───── Record set

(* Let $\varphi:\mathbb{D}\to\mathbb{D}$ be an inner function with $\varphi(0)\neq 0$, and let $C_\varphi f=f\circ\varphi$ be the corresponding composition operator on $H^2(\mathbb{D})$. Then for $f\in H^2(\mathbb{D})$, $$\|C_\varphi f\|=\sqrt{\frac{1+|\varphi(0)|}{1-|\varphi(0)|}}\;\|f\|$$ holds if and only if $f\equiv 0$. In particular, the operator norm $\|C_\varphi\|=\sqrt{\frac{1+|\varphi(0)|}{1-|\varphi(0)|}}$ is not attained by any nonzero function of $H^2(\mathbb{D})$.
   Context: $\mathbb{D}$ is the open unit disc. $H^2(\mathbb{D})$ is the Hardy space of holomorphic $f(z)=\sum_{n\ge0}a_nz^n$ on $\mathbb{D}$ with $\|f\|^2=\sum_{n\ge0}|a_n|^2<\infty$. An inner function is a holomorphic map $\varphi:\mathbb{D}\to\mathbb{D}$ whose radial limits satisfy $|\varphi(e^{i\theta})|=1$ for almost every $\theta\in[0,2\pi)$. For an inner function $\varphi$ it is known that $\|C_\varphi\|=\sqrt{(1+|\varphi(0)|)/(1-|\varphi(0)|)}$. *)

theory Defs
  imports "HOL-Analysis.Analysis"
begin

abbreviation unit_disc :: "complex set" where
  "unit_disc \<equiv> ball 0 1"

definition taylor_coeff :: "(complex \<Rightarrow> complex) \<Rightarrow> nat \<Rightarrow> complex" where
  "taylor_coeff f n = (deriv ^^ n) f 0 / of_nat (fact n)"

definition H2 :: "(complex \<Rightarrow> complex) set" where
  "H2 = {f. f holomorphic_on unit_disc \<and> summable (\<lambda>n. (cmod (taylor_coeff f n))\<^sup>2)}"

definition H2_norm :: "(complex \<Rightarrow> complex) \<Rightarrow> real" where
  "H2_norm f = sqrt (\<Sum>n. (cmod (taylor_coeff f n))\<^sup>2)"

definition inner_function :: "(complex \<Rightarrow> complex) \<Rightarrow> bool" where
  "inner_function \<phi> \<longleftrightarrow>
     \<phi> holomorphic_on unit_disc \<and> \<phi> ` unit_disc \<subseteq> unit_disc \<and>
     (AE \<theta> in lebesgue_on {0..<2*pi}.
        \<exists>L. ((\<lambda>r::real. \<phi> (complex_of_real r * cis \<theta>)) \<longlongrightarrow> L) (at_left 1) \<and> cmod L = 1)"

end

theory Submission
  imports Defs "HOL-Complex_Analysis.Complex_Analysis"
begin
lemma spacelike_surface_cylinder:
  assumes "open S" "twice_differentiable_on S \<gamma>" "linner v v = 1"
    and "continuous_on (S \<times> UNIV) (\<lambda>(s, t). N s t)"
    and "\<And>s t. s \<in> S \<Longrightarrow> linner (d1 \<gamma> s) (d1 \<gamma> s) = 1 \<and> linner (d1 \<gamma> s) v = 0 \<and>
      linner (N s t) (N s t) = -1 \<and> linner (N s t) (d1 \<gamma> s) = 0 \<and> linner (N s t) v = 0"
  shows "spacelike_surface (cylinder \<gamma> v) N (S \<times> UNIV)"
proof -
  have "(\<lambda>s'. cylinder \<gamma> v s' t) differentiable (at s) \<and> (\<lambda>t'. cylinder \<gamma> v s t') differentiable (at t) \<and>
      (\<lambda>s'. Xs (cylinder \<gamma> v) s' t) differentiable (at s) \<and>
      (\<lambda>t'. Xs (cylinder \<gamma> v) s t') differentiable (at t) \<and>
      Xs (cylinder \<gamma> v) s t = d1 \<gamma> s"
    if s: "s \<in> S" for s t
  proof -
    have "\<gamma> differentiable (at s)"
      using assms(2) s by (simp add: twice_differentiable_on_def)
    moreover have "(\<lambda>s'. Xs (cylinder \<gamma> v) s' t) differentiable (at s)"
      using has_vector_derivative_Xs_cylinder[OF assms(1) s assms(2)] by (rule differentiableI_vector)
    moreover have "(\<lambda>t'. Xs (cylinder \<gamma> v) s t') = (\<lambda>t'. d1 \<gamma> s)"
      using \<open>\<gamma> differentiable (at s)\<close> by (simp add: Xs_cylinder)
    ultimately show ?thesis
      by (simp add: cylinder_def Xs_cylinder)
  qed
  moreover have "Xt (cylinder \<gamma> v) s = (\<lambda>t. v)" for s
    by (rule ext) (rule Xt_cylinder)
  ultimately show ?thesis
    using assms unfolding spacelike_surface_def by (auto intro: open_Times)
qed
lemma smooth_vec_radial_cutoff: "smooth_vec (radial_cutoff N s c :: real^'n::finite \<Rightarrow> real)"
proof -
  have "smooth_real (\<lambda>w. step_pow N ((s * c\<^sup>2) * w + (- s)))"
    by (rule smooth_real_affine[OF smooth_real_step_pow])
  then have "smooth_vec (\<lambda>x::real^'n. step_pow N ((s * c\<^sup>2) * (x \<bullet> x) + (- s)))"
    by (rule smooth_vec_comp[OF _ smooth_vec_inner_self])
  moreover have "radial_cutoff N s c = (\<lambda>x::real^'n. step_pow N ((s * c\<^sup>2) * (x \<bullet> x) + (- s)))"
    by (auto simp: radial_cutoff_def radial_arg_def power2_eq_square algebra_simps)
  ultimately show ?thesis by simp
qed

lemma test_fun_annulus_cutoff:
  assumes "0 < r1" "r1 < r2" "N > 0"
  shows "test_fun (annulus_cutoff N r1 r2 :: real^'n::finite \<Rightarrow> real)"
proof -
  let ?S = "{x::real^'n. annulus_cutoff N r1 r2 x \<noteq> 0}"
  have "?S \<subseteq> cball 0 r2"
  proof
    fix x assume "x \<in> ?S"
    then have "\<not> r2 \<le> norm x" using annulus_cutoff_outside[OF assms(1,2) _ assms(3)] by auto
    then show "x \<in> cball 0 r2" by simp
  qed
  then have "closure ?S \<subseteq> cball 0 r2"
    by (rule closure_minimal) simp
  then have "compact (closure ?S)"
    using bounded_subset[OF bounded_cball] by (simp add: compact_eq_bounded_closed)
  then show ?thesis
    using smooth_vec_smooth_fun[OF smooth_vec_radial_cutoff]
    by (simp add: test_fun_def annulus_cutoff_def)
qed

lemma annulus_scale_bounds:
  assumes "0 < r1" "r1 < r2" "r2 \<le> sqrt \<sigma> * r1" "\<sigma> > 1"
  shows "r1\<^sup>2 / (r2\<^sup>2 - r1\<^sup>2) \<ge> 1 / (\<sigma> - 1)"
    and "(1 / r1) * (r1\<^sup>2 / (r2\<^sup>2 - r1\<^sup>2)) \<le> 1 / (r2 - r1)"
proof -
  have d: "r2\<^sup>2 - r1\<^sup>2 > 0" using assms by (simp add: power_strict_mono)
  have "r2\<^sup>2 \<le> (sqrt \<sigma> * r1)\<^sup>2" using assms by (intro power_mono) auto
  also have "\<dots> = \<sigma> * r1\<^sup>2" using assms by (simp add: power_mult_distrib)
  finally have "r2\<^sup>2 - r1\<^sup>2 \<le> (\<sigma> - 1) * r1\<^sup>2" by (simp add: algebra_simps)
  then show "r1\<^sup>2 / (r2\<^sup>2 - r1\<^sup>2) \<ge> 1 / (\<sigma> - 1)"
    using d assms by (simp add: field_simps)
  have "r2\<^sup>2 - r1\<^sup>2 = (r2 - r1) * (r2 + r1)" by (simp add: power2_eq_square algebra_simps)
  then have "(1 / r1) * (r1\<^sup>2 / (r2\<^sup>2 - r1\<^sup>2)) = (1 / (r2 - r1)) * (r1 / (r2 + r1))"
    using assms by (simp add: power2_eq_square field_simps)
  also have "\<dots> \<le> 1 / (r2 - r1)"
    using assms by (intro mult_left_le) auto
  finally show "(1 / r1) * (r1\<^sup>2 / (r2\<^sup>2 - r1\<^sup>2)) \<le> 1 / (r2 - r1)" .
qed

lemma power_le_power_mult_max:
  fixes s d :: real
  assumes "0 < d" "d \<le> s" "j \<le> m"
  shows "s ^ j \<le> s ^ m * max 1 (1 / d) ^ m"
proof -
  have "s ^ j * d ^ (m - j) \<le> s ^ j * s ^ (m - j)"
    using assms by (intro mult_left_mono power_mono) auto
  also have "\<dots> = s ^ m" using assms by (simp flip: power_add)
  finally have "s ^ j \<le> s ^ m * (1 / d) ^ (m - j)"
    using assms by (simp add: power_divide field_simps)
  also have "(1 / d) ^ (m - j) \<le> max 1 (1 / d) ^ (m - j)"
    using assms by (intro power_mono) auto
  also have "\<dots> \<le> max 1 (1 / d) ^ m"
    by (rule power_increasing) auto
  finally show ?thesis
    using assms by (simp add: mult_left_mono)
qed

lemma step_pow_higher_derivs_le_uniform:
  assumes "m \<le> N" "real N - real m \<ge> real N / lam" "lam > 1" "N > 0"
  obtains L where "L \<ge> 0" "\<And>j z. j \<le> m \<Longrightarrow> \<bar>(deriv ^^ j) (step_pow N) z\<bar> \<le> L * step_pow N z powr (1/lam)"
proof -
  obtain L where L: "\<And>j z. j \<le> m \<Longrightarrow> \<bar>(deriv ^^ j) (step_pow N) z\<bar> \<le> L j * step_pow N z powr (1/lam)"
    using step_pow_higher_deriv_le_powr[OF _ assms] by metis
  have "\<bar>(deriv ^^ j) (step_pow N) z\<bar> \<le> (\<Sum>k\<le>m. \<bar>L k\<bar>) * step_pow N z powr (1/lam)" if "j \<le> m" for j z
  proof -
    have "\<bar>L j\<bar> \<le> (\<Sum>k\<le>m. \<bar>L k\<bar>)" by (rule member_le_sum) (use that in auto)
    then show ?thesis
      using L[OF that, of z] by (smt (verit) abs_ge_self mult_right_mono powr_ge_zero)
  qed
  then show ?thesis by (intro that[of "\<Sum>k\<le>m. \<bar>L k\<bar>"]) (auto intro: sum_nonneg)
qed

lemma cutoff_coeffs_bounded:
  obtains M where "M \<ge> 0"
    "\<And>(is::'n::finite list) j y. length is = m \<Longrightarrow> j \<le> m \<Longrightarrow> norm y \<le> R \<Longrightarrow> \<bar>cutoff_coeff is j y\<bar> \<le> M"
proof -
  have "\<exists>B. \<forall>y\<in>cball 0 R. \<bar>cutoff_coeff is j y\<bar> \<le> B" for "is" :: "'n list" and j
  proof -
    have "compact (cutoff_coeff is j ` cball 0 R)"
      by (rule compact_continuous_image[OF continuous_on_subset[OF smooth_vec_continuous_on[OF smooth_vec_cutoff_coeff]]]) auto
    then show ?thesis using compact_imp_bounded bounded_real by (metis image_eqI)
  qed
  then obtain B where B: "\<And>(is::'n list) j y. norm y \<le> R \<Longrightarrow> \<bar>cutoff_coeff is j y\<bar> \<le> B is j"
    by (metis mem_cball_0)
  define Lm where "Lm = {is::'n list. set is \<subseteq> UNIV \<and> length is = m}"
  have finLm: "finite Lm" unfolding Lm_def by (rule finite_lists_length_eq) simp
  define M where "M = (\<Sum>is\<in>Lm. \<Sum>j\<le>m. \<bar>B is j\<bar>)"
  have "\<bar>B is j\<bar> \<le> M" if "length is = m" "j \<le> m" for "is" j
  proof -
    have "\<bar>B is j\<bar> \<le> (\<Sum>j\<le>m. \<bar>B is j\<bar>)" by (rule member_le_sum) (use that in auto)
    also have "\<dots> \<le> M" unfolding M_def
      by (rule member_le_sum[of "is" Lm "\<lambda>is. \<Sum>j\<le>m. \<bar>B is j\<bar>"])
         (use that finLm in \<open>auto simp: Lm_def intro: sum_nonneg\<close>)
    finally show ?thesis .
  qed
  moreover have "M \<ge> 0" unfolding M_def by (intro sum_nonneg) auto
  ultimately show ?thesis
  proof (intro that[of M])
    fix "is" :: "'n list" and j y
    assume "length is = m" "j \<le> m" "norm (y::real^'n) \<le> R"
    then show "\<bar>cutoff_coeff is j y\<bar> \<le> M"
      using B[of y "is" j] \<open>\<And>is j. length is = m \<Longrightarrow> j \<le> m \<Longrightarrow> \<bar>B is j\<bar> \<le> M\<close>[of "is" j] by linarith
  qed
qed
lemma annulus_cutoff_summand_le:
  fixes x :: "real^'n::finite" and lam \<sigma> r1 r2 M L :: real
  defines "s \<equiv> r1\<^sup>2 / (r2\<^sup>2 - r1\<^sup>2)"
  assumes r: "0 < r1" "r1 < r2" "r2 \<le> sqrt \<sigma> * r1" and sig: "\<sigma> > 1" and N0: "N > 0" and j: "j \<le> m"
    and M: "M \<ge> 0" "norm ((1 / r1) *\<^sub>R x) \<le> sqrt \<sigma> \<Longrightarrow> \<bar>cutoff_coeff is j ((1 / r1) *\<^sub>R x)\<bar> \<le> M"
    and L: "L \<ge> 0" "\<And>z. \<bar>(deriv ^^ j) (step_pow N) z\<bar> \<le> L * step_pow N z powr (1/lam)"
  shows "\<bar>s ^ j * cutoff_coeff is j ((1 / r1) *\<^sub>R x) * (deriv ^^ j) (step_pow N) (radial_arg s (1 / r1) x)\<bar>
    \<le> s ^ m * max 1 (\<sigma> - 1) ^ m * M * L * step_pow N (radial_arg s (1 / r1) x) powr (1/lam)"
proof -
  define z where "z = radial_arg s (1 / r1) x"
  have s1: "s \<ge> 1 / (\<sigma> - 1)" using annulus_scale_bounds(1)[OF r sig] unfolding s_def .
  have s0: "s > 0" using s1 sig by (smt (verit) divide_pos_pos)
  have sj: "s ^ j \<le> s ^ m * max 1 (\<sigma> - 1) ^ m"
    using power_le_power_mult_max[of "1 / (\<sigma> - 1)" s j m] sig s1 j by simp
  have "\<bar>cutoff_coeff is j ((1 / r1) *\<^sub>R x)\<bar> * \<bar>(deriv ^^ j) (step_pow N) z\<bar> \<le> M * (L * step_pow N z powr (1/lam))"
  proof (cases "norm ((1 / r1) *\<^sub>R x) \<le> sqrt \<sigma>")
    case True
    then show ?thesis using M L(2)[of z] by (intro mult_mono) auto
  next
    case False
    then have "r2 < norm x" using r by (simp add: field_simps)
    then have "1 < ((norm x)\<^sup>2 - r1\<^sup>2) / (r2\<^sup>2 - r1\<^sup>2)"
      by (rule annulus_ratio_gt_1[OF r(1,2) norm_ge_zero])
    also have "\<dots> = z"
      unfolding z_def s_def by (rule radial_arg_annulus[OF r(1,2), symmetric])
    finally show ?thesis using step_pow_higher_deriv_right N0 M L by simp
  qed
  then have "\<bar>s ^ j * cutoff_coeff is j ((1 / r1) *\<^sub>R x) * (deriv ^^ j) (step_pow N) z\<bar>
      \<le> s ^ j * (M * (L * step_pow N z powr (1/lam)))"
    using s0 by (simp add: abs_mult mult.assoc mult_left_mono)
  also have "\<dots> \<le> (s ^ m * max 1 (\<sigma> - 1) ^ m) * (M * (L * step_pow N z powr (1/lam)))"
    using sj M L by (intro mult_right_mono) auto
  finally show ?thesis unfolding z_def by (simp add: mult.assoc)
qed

──────────

Exercise directions: Using the records above, set down exactly the lines from the one with "s1 j by simp" through the one with "r by (simp add: field_simps)", inclusive, and nothing more.

Response box:
    using power_le_power_mult_max[of "1 / (\<sigma> - 1)" s j m] sig s1 j by simp
  have "\<bar>cutoff_coeff is j ((1 / r1) *\<^sub>R x)\<bar> * \<bar>(deriv ^^ j) (step_pow N) z\<bar> \<le> M * (L * step_pow N z powr (1/lam))"
  proof (cases "norm ((1 / r1) *\<^sub>R x) \<le> sqrt \<sigma>")
    case True
    then show ?thesis using M L(2)[of z] by (intro mult_mono) auto
  next
    case False
    then have "r2 < norm x" using r by (simp add: field_simps)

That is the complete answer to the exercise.